- Abbreviation: RONS (English) РОНС (Russian)
- Leader: Igor Artemov
- Founded: 1 December 1990; 35 years ago
- Banned: 6 June 2011; 15 years ago
- Headquarters: 14th building, Lazo Street, Moscow, Russia. 111395
- Newspaper: Third Rome
- Ideology: Russian ultranationalism Orthodox nationalism Anti-communism Anti-Sovietism Anti-LGBT Pan-Slavism
- Political position: Far-right
- Religion: Russian Orthodox Church
- Colours: Black Gold White
- Slogan: "Russia will be liberated by our forces!" (Russian: "Россия освободится нашими силами!")

Party flag

Website
- ronsslav.com

= Russian All-National Union =

The Russian All-National Union (RONS; Русский общенациональный союз; РОНС; Russkiy obshchenatsionalnyy soyuz, RONS) was a Russian Pan-Slavic Orthodox political movement which was founded in 1990. From 1995, RONS took part in state and local elections and its representatives became the members of local parliaments in the Irkutsk, Novosibirsk, Vladimir, and Tula Oblasts. Members of the organization represented RONS in municipal legislatures in more than twelve regions of Russia, including in: Saint Petersburg, Nizhny Novgorod, Stavropol, and Rostov-on-Don.
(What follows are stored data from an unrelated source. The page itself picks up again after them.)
lemma rook_num_0: "rook_num B 0 = 1"
proof -
  have "P \<subseteq> cells B \<Longrightarrow> card P = 0 \<longleftrightarrow> P = {}" for P
    using finite_if_subset_cells by auto
  then have "rook_placements B 0 = {{}}"
    by (auto simp: rook_placements_iff nonattacking_def)
  then show ?thesis by (simp add: rook_num_def)
qed

lemma rook_num_eq_0_if_length_less:
  assumes "length B < k" shows "rook_num B k = 0"
proof -
  have "card P \<le> length B" if "P \<in> rook_placements B k" for P
  proof -
    have "fst ` P \<subseteq> {..<length B}" "inj_on fst P"
      using that by (auto simp: rook_placements_iff cells_def inj_on_fst_if_nonattacking)
    then show ?thesis by (metis card_image card_lessThan card_mono finite_lessThan)
  qed
  then have "rook_placements B k = {}"
    using assms by (fastforce simp: rook_placements_iff)
  then show ?thesis by (simp add: rook_num_def)
qed

lemma rows_of_rook_placement:
  assumes "Q \<in> rook_placements B k" "\<forall>x\<in>set B. x \<le> a"
  shows "snd ` Q \<subseteq> {1..a}" "card (snd ` Q) = k"
  using assms by (auto simp: rook_placements_iff cells_def card_image inj_on_snd_if_nonattacking
      dest!: subsetD) (meson le_trans nth_mem)

lemma rook_placements_snoc_avoiding_last:
  "{P \<in> rook_placements (B @ [a]) k. length B \<notin> fst ` P} = rook_placements B k"
proof -
  have "P \<subseteq> cells (B @ [a]) \<and> length B \<notin> fst ` P \<longleftrightarrow> P \<subseteq> cells B" for P
    unfolding cells_snoc by (force dest: fst_less_length_if_cell)
  then have "P \<in> rook_placements (B @ [a]) k \<and> length B \<notin> fst ` P \<longleftrightarrow> P \<in> rook_placements B k"
    for P
    unfolding rook_placements_iff by blast
  then show ?thesis by blast
qed

lemma insert_last_column_rook_placement:
  assumes "Q \<in> rook_placements B k" "r \<in> {1..a}" "r \<notin> snd ` Q"
  shows "insert (length B, r) Q \<in> rook_placements (B @ [a]) (Suc k)"
proof -
  have cells: "Q \<subseteq> cells B" and card: "card Q = k" and na: "nonattacking Q"
    using assms(1) by (auto simp: rook_placements_iff)
  have "(length B, r) \<notin> Q" using cells last_column_notin_cells by blast
  then have "card (insert (length B, r) Q) = Suc k"
    using card finite_if_subset_cells[OF cells] by simp
  moreover have "fst d \<noteq> length B \<and> snd d \<noteq> r" if "d \<in> Q" for d
    using fst_less_length_if_cell[OF subsetD[OF cells that]] imageI[OF that, of snd] assms(3)
    by auto
  then have "nonattacking (insert (length B, r) Q)" using na by (simp add: nonattacking_insert)
  moreover have "insert (length B, r) Q \<subseteq> cells (B @ [a])"
    unfolding cells_snoc using cells assms(2) by blast
  ultimately show ?thesis by (simp add: rook_placements_iff)
qed

lemma remove_last_column_rook_placement:
  assumes "P \<in> rook_placements (B @ [a]) (Suc k)" "(length B, r) \<in> P"
  defines "Q \<equiv> P - {(length B, r)}"
  shows "Q \<in> rook_placements B k" "r \<in> {1..a}" "r \<notin> snd ` Q"
proof -
  have cells: "P \<subseteq> cells (B @ [a])" and card: "card P = Suc k" and na: "nonattacking P"
    using assms(1) by (auto simp: rook_placements_iff)
  have other: "fst d \<noteq> length B \<and> snd d \<noteq> r" if "d \<in> Q" for d
    using na assms(2) that unfolding Q_def nonattacking_def by fastforce
  have "Q \<subseteq> cells B"
  proof
    fix d assume "d \<in> Q"
    then have "d \<in> cells B \<union> {length B} \<times> {1..a}" using cells cells_snoc unfolding Q_def by blast
    then show "d \<in> cells B" using other[OF \<open>d \<in> Q\<close>] by auto
  qed
  moreover have "card Q = k"
    using card assms(2) finite_if_subset_cells[OF cells] unfolding Q_def by simp
  moreover have "nonattacking Q" using na unfolding Q_def by (rule nonattacking_subset) blast
  ultimately show "Q \<in> rook_placements B k" by (simp add: rook_placements_iff)
  show "r \<in> {1..a}" using cells assms(2) by (auto simp: cells_snoc cells_def)
  show "r \<notin> snd ` Q" using other by force
qed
RONS was known to organize against the policies of the Yeltsin, Putin, and Medvedev governments, often citing resistance to the "propaganda of alcohol, smoking, abortion and homosexuality", as well as against various "immoral" programs on television and radio. It also sponsored youth sporting camps in summer periods.

RONS published the newspapers "Рубеж", "Отчизна", along with a magazine named "Третий Рим", the symbols of these papers included the Celtic cross, Saint George the Victorious, and along with various Russian national banners: primarily the modern national flag of the Russian Federation and the black-yellow-white tricolor.

The National Council of RONS included 15 members, and the chairman was Igor V. Artemov (Игорь Артёмов).